→ GOAL OF THE EXERCISE: Word for word, set down every line of the entries below from the line with "a b y = Var" to the line with "fix \<kappa> v", including both, and no other line.

**** RECORDS SHOWN ****

(* Let $k\ge1$ and let $(A,t)$ be a nontrivial $\mathcal{C}_k$-algebra. The following are equivalent: (i) $(A,t)$ is a simple algebra; (ii) for every $a\in A$ with $a\neq1$, $\bigwedge_{j=1}^{k}t^j(\triangle a)=0$; (iii) $K(A)=\{0,1\}$, where $K(A)=\{x\in A: t(x)=x=\nabla x\}$.
   Context: A modal pseudocomplemented De Morgan algebra ($mpM$-algebra) is an algebra $\langle A,\wedge,\vee,\sim,{}^\ast,0,1\rangle$ such that $\langle A,\wedge,\vee,\sim,0,1\rangle$ is a De Morgan algebra (bounded distributive lattice with $\sim\sim x=x$, $\sim(x\vee y)=\sim x\wedge\sim y$), $x^\ast$ is the pseudocomplement of $x$, and $x\vee\sim x\le x\vee x^\ast$. Put $\nabla x=\sim(\sim x\wedge x^\ast)$, $\triangle x=\sim\nabla\sim x$. A $\mathcal{C}_k$-algebra ($k\ge1$) is a pair $(A,t)$ with $A$ an $mpM$-algebra and $t$ an $mpM$-automorphism of $A$ with $t^k=\mathrm{id}$; simplicity refers to the signature $(\wedge,\vee,\sim,{}^\ast,t,0,1)$. *)

theory Defs
  imports Main
begin

text \<open>An algebra of signature (meet, join, neg, pc, 0, 1) whose universe is the whole type 'a.\<close>

record 'a mpm_ops =
  mt  :: "'a \<Rightarrow> 'a \<Rightarrow> 'a"
  jn  :: "'a \<Rightarrow> 'a \<Rightarrow> 'a"
  ng  :: "'a \<Rightarrow> 'a"
  pc  :: "'a \<Rightarrow> 'a"
  bt  :: "'a"
  tp  :: "'a"

definition leq :: "'a mpm_ops \<Rightarrow> 'a \<Rightarrow> 'a \<Rightarrow> bool" where
  "leq A x y \<longleftrightarrow> mt A x y = x"

definition bdl :: "'a mpm_ops \<Rightarrow> bool" where
  "bdl A \<longleftrightarrow>
     (\<forall>x y z. mt A x (mt A y z) = mt A (mt A x y) z) \<and>
     (\<forall>x y z. jn A x (jn A y z) = jn A (jn A x y) z) \<and>
     (\<forall>x y. mt A x y = mt A y x) \<and>
     (\<forall>x y. jn A x y = jn A y x) \<and>
     (\<forall>x y. mt A x (jn A x y) = x) \<and>
     (\<forall>x y. jn A x (mt A x y) = x) \<and>
     (\<forall>x y z. mt A x (jn A y z) = jn A (mt A x y) (mt A x z)) \<and>
     (\<forall>x. mt A x (bt A) = bt A) \<and>
     (\<forall>x. jn A x (tp A) = tp A)"

definition demorgan_alg :: "'a mpm_ops \<Rightarrow> bool" where
  "demorgan_alg A \<longleftrightarrow> bdl A \<and>
     (\<forall>x. ng A (ng A x) = x) \<and>
     (\<forall>x y. ng A (jn A x y) = mt A (ng A x) (ng A y))"
lemma deriv_add: "deriv d (p + q) = deriv d p + deriv d q"
proof -
  let ?K = "Poly_Mapping.keys p \<union> Poly_Mapping.keys q"
  have single_add: "deriv d (Poly_Mapping.single \<mu> (a + b)) =
      deriv d (Poly_Mapping.single \<mu> a) + deriv d (Poly_Mapping.single \<mu> b)" for \<mu> a b
    unfolding deriv_single[OF finite_keys subset_refl] by (simp add: distrib_left single_add sum.distrib)
  show ?thesis
    by (simp add: deriv_expand[of ?K] keys_add lookup_add single_add sum.distrib)
qed

lemma deriv_diff: "deriv d (p - q) = deriv d p - deriv d q"
  by (metis add_diff_cancel deriv_add diff_add_cancel)

lemma deriv_sum: "deriv d (\<Sum>i\<in>A. f i) = (\<Sum>i\<in>A. deriv d (f i))"
  by (induction A rule: infinite_finite_induct) (simp_all add: deriv_add)

lemma poly_mapping_add_minus_single:
  fixes \<mu> \<nu> :: "'b \<Rightarrow>\<^sub>0 nat"
  assumes "v \<in> Poly_Mapping.keys \<mu>"
  shows "\<mu> + \<nu> - Poly_Mapping.single v 1 = \<mu> - Poly_Mapping.single v 1 + \<nu>"
  using assms by (intro poly_mapping_eqI) (auto simp: lookup_add lookup_minus lookup_single when_def in_keys_iff)

lemma deriv_mult_single:
  fixes a b :: "'a::comm_ring_1"
  shows "deriv d (Poly_Mapping.single \<mu> a * Poly_Mapping.single \<nu> b) =
    deriv d (Poly_Mapping.single \<mu> a) * Poly_Mapping.single \<nu> b + Poly_Mapping.single \<mu> a * deriv d (Poly_Mapping.single \<nu> b)"
proof -
  let ?K = "Poly_Mapping.keys \<mu> \<union> Poly_Mapping.keys \<nu>"
  let ?s = "\<lambda>\<kappa> v. \<kappa> - Poly_Mapping.single v 1 + Poly_Mapping.single (sh d v) 1"
  have "Poly_Mapping.single (?s (\<mu> + \<nu>) v) (of_nat (Poly_Mapping.lookup (\<mu> + \<nu>) v) * (a * b))
      = Poly_Mapping.single (?s \<mu> v + \<nu>) (of_nat (Poly_Mapping.lookup \<mu> v) * a * b)
      + Poly_Mapping.single (\<mu> + ?s \<nu> v) (a * (of_nat (Poly_Mapping.lookup \<nu> v) * b))" for v
  proof -
    have "?s (\<mu> + \<nu>) v = ?s \<mu> v + \<nu>" if "v \<in> Poly_Mapping.keys \<mu>"
      unfolding poly_mapping_add_minus_single[OF that] by (simp add: ac_simps)
    moreover have "?s (\<mu> + \<nu>) v = \<mu> + ?s \<nu> v" if "v \<in> Poly_Mapping.keys \<nu>"
      unfolding add.commute[of \<mu> \<nu>] poly_mapping_add_minus_single[OF that] by (simp add: ac_simps)
    ultimately show ?thesis
      by (cases "v \<in> Poly_Mapping.keys \<mu>"; cases "v \<in> Poly_Mapping.keys \<nu>")
        (simp_all add: lookup_add in_keys_iff algebra_simps flip: single_add)
  qed
  then show ?thesis
    by (simp add: mult_single deriv_single[of ?K] sum_distrib_left sum_distrib_right sum.distrib
        keys_add[THEN subset_trans])
qed

lemma deriv_mult: "deriv d (p * q) = deriv d p * q + p * deriv d (q :: 'a::comm_ring_1 dpoly)"
proof -
  let ?m = "\<lambda>r \<mu>. Poly_Mapping.single \<mu> (Poly_Mapping.lookup r \<mu>)"
  have expand: "deriv d r = (\<Sum>\<mu>\<in>Poly_Mapping.keys r. deriv d (?m r \<mu>))" for r :: "'a dpoly"
    by (rule deriv_expand) simp_all
  have sums: "r = (\<Sum>\<mu>\<in>Poly_Mapping.keys r. ?m r \<mu>)" for r :: "'a dpoly"
    by (rule poly_mapping_sum_single)
  have "p * q = (\<Sum>\<mu>\<in>Poly_Mapping.keys p. \<Sum>\<nu>\<in>Poly_Mapping.keys q. ?m p \<mu> * ?m q \<nu>)"
    by (subst sum_product[symmetric]) (simp only: flip: sums)
  then have "deriv d (p * q) = (\<Sum>\<mu>\<in>Poly_Mapping.keys p. \<Sum>\<nu>\<in>Poly_Mapping.keys q.
      deriv d (?m p \<mu>) * ?m q \<nu> + ?m p \<mu> * deriv d (?m q \<nu>))"
    by (simp only: deriv_sum deriv_mult_single)
  also have "\<dots> = (\<Sum>\<mu>\<in>Poly_Mapping.keys p. deriv d (?m p \<mu>)) * (\<Sum>\<nu>\<in>Poly_Mapping.keys q. ?m q \<nu>)
      + (\<Sum>\<mu>\<in>Poly_Mapping.keys p. ?m p \<mu>) * (\<Sum>\<nu>\<in>Poly_Mapping.keys q. deriv d (?m q \<nu>))"
    by (simp only: sum_product sum.distrib)
  also have "\<dots> = deriv d p * q + p * deriv d q"
    by (simp only: flip: sums expand)
  finally show ?thesis .
qed

lemma deriv_Var: "deriv d (Var v) = Var (sh d v)"
  by (simp add: Var_def deriv_single[of "{v}"])

lemma deriv_one [simp]: "deriv d 1 = 0"
  by (simp add: deriv_def)

lemma dop_Var: "dop a b y = Var (y, a, b)"
proof -
  have D2: "(deriv D2 ^^ b) (Var (y, 0, 0)) = Var (y, 0, b)"
    by (induction b) (simp_all add: deriv_Var)
  have D1: "(deriv D1 ^^ a) (Var (y, 0, b)) = Var (y, a, b)"
    by (induction a) (simp_all add: deriv_Var)
  show ?thesis
    by (simp add: dop_def D1 D2)
qed

lemma valid_var_sh [simp]: "valid_var n (sh d v) = valid_var n v"
  by (cases d; cases v; rename_tac y a b; case_tac y; simp)

lemma valid_var_funpow_sh [simp]: "valid_var n ((sh d ^^ k) v) = valid_var n v"
  by (induction k) auto

lemma funpow_sh_D1 [simp]: "(sh D1 ^^ k) (y, a, b) = (y, a + k, b)"
  by (induction k) auto

lemma funpow_sh_D2 [simp]: "(sh D2 ^^ k) (y, a, b) = (y, a, b + k)"
  by (induction k) auto

lemma carrier_A_ring:
  "p \<in> carrier (A_ring n) \<longleftrightarrow> (\<forall>\<mu>\<in>Poly_Mapping.keys p. \<forall>v\<in>Poly_Mapping.keys \<mu>. valid_var n v)"
  by (simp add: A_ring_def)

lemma A_ring_ops [simp]:
  "x \<oplus>\<^bsub>A_ring n\<^esub> y = x + y" "x \<otimes>\<^bsub>A_ring n\<^esub> y = x * y" "\<zero>\<^bsub>A_ring n\<^esub> = 0" "\<one>\<^bsub>A_ring n\<^esub> = 1"
  by (simp_all add: A_ring_def)

lemma A_ring_add_closed:
  "p \<in> carrier (A_ring n) \<Longrightarrow> q \<in> carrier (A_ring n) \<Longrightarrow> p + q \<in> carrier (A_ring n)"
  unfolding carrier_A_ring by (meson UnE keys_add subsetD)

lemma A_ring_diff_closed:
  "p \<in> carrier (A_ring n) \<Longrightarrow> q \<in> carrier (A_ring n) \<Longrightarrow> p - q \<in> carrier (A_ring n)"
  unfolding carrier_A_ring by (meson UnE keys_diff subsetD)

lemma A_ring_uminus_closed: "p \<in> carrier (A_ring n) \<Longrightarrow> - p \<in> carrier (A_ring n)"
  by (simp add: carrier_A_ring)

lemma A_ring_mult_closed:
  assumes "p \<in> carrier (A_ring n)" "q \<in> carrier (A_ring n)"
  shows "p * q \<in> carrier (A_ring n)"
  unfolding carrier_A_ring
proof (intro ballI)
  fix \<kappa> v assume "\<kappa> \<in> Poly_Mapping.keys (p * q)" and v: "v \<in> Poly_Mapping.keys \<kappa>"
  then obtain \<mu> \<nu> where "\<kappa> = \<mu> + \<nu>" "\<mu> \<in> Poly_Mapping.keys p" "\<nu> \<in> Poly_Mapping.keys q"
    using keys_mult by blast
  with v assms show "valid_var n v"
    by (auto simp: carrier_A_ring in_keys_iff lookup_add)
qed

lemma A_ring_one_closed: "1 \<in> carrier (A_ring n)"
  by (simp add: carrier_A_ring)

lemma A_ring_Var_closed: "valid_var n v \<Longrightarrow> Var v \<in> carrier (A_ring n)"
  by (simp add: carrier_A_ring Var_def)

lemma A_ring_deriv_closed:
  assumes "p \<in> carrier (A_ring n)"
  shows "deriv d p \<in> carrier (A_ring n)"
  unfolding carrier_A_ring
proof (intro ballI)
  fix \<kappa> x assume "\<kappa> \<in> Poly_Mapping.keys (deriv d p)" and x: "x \<in> Poly_Mapping.keys \<kappa>"
  then obtain \<mu> v where "\<mu> \<in> Poly_Mapping.keys p" "v \<in> Poly_Mapping.keys \<mu>"
      and "\<kappa> = \<mu> - Poly_Mapping.single v 1 + Poly_Mapping.single (sh d v) 1"
    unfolding deriv_def by (fastforce dest!: subsetD[OF keys_sum] split: if_splits)
  with x have "x \<in> Poly_Mapping.keys \<mu> \<or> x = sh d v"
    by (auto simp: in_keys_iff lookup_add lookup_minus lookup_single when_def split: if_splits)
  with assms \<open>\<mu> \<in> _\<close> \<open>v \<in> _\<close> show "valid_var n x"
    by (auto simp: carrier_A_ring)
qed

lemma A_ring_cring: "cring (A_ring n :: 'a::comm_ring_1 dpoly ring)"
proof (rule cringI)
  show "abelian_group (A_ring n :: 'a dpoly ring)"
  proof (rule abelian_groupI)
    fix x assume "x \<in> carrier (A_ring n :: 'a dpoly ring)"
    then show "\<exists>y\<in>carrier (A_ring n). y \<oplus>\<^bsub>A_ring n\<^esub> x = \<zero>\<^bsub>A_ring n\<^esub>"
      by (intro bexI[of _ "- x"]) (simp_all add: A_ring_uminus_closed)
  qed (simp_all add: A_ring_add_closed algebra_simps, simp add: carrier_A_ring)
  show "Group.comm_monoid (A_ring n :: 'a dpoly ring)"
    by (rule comm_monoidI) (simp_all add: A_ring_mult_closed algebra_simps, simp add: carrier_A_ring)
qed (simp_all add: distrib_right)

lemma J_ideal_eq_Inter:
  "J_ideal n = \<Inter>{I. ideal I (A_ring n) \<and> deriv D1 (Var (X2, 0, 0)) \<in> I \<and> deriv D2 (Var (X1, 0, 0)) \<in> I \<and>
                     (\<forall>d. \<forall>x\<in>I. deriv d x \<in> I)}"
  by (simp add: J_ideal_def diff_ideal_gen_def)

lemma J_ideal_ideal: "ideal (J_ideal n) (A_ring n :: 'a::comm_ring_1 dpoly ring)"
proof -
  interpret cring "A_ring n :: 'a dpoly ring" by (rule A_ring_cring)
  let ?S = "{I. ideal I (A_ring n :: 'a dpoly ring) \<and> deriv D1 (Var (X2, 0, 0)) \<in> I \<and>
                deriv D2 (Var (X1, 0, 0)) \<in> I \<and>
                (\<forall>d. \<forall>x\<in>I. deriv d x \<in> I)}"
  have "carrier (A_ring n) \<in> ?S"
    using oneideal by (simp add: A_ring_deriv_closed A_ring_Var_closed)
  then show ?thesis
    unfolding J_ideal_eq_Inter by (intro i_Intersect) auto
qed

lemma J_ideal_deriv_closed: "x \<in> J_ideal n \<Longrightarrow> deriv d x \<in> J_ideal n"
  unfolding J_ideal_eq_Inter by auto

lemma J_ideal_generators: "deriv D1 (Var (X2, 0, 0)) \<in> J_ideal n" "deriv D2 (Var (X1, 0, 0)) \<in> J_ideal n"
  unfolding J_ideal_eq_Inter by auto

lemma J_ideal_add_closed: "x \<in> J_ideal n \<Longrightarrow> y \<in> J_ideal n \<Longrightarrow> x + y \<in> J_ideal n"
  using additive_subgroup.a_closed[OF ideal.axioms(1)[OF J_ideal_ideal]] by simp

lemma J_ideal_zero: "0 \<in> J_ideal n"
  using additive_subgroup.zero_closed[OF ideal.axioms(1)[OF J_ideal_ideal]] by simp

lemma J_ideal_mult_closed: "x \<in> J_ideal n \<Longrightarrow> y \<in> carrier (A_ring n) \<Longrightarrow> x * y \<in> J_ideal n"
  using ideal.I_r_closed[OF J_ideal_ideal] by simp

lemma J_ideal_diff_closed: "x \<in> J_ideal n \<Longrightarrow> y \<in> J_ideal n \<Longrightarrow> x - y \<in> J_ideal n"
  using ideal.I_r_closed[OF J_ideal_ideal, of y n "- 1"] J_ideal_add_closed[of x n "- y"]
  by (simp add: A_ring_uminus_closed carrier_A_ring)

lemma classB_eq_image: "classB n p = (\<lambda>j. j + p) ` J_ideal n"
  by (auto simp: classB_def a_r_coset_def r_coset_def A_ring_def)

lemma classB_eqI: "p - q \<in> J_ideal n \<Longrightarrow> classB n p = classB n q"
  unfolding classB_eq_image
proof (intro equalityI subsetI)
  fix x assume pq: "p - q \<in> J_ideal n"
  { assume "x \<in> (\<lambda>j. j + p) ` J_ideal n"
    then obtain j where "j \<in> J_ideal n" "x = (j + (p - q)) + q" by auto
    with J_ideal_add_closed pq show "x \<in> (\<lambda>j. j + q) ` J_ideal n" by blast }
  { assume "x \<in> (\<lambda>j. j + q) ` J_ideal n"
    then obtain j where "j \<in> J_ideal n" "x = (j - (p - q)) + p" by auto
    with J_ideal_diff_closed pq show "x \<in> (\<lambda>j. j + p) ` J_ideal n" by blast }
qed

lemma classB_zero: "classB n 0 = J_ideal n"
  by (simp add: classB_eq_image)

lemma classB_closed: "p \<in> carrier (A_ring n) \<Longrightarrow> classB n p \<in> carrier (B_ring n)"
  using ring_hom_closed[OF ideal.rcos_ring_hom[OF J_ideal_ideal]]
  by (simp add: classB_def B_ring_def)

lemma classB_mult:
  "p \<in> carrier (A_ring n) \<Longrightarrow> q \<in> carrier (A_ring n) \<Longrightarrow>
   classB n p \<otimes>\<^bsub>B_ring n\<^esub> classB n q = classB n (p * q)"
  using ideal.rcoset_mult_add[OF J_ideal_ideal, of p n q]
  by (simp add: classB_def B_ring_def FactRing_def)

lemma classB_add: "classB n p \<oplus>\<^bsub>B_ring n\<^esub> classB n q = classB n (p + q)"
proof -
  have "(\<Union>x\<in>classB n p. \<Union>y\<in>classB n q. {x + y}) = classB n (p + q)"
  proof (intro equalityI subsetI)
    fix x assume "x \<in> (\<Union>x\<in>classB n p. \<Union>y\<in>classB n q. {x + y})"
    then obtain j1 j2 where "j1 \<in> J_ideal n" "j2 \<in> J_ideal n" "x = (j1 + j2) + (p + q)"
      unfolding classB_eq_image by (auto simp: algebra_simps)
    with J_ideal_add_closed show "x \<in> classB n (p + q)"
      unfolding classB_eq_image by blast
  next
    fix x assume "x \<in> classB n (p + q)"
    then obtain j where "j \<in> J_ideal n" "x = (j + p) + (0 + q)"
      unfolding classB_eq_image by (auto simp: algebra_simps)
    with J_ideal_zero show "x \<in> (\<Union>x\<in>classB n p. \<Union>y\<in>classB n q. {x + y})"
      unfolding classB_eq_image by blast
  qed
  then show ?thesis
    by (simp add: B_ring_def FactRing_def set_add_def set_mult_def)
qed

****

→ TASK OUTPUT:
lemma dop_Var: "dop a b y = Var (y, a, b)"
proof -
  have D2: "(deriv D2 ^^ b) (Var (y, 0, 0)) = Var (y, 0, b)"
    by (induction b) (simp_all add: deriv_Var)
  have D1: "(deriv D1 ^^ a) (Var (y, 0, b)) = Var (y, a, b)"
    by (induction a) (simp_all add: deriv_Var)
  show ?thesis
    by (simp add: dop_def D1 D2)
qed

lemma valid_var_sh [simp]: "valid_var n (sh d v) = valid_var n v"
  by (cases d; cases v; rename_tac y a b; case_tac y; simp)

lemma valid_var_funpow_sh [simp]: "valid_var n ((sh d ^^ k) v) = valid_var n v"
  by (induction k) auto

lemma funpow_sh_D1 [simp]: "(sh D1 ^^ k) (y, a, b) = (y, a + k, b)"
  by (induction k) auto

lemma funpow_sh_D2 [simp]: "(sh D2 ^^ k) (y, a, b) = (y, a, b + k)"
  by (induction k) auto

lemma carrier_A_ring:
  "p \<in> carrier (A_ring n) \<longleftrightarrow> (\<forall>\<mu>\<in>Poly_Mapping.keys p. \<forall>v\<in>Poly_Mapping.keys \<mu>. valid_var n v)"
  by (simp add: A_ring_def)

lemma A_ring_ops [simp]:
  "x \<oplus>\<^bsub>A_ring n\<^esub> y = x + y" "x \<otimes>\<^bsub>A_ring n\<^esub> y = x * y" "\<zero>\<^bsub>A_ring n\<^esub> = 0" "\<one>\<^bsub>A_ring n\<^esub> = 1"
  by (simp_all add: A_ring_def)

lemma A_ring_add_closed:
  "p \<in> carrier (A_ring n) \<Longrightarrow> q \<in> carrier (A_ring n) \<Longrightarrow> p + q \<in> carrier (A_ring n)"
  unfolding carrier_A_ring by (meson UnE keys_add subsetD)

lemma A_ring_diff_closed:
  "p \<in> carrier (A_ring n) \<Longrightarrow> q \<in> carrier (A_ring n) \<Longrightarrow> p - q \<in> carrier (A_ring n)"
  unfolding carrier_A_ring by (meson UnE keys_diff subsetD)

lemma A_ring_uminus_closed: "p \<in> carrier (A_ring n) \<Longrightarrow> - p \<in> carrier (A_ring n)"
  by (simp add: carrier_A_ring)

lemma A_ring_mult_closed:
  assumes "p \<in> carrier (A_ring n)" "q \<in> carrier (A_ring n)"
  shows "p * q \<in> carrier (A_ring n)"
  unfolding carrier_A_ring
proof (intro ballI)
  fix \<kappa> v assume "\<kappa> \<in> Poly_Mapping.keys (p * q)" and v: "v \<in> Poly_Mapping.keys \<kappa>"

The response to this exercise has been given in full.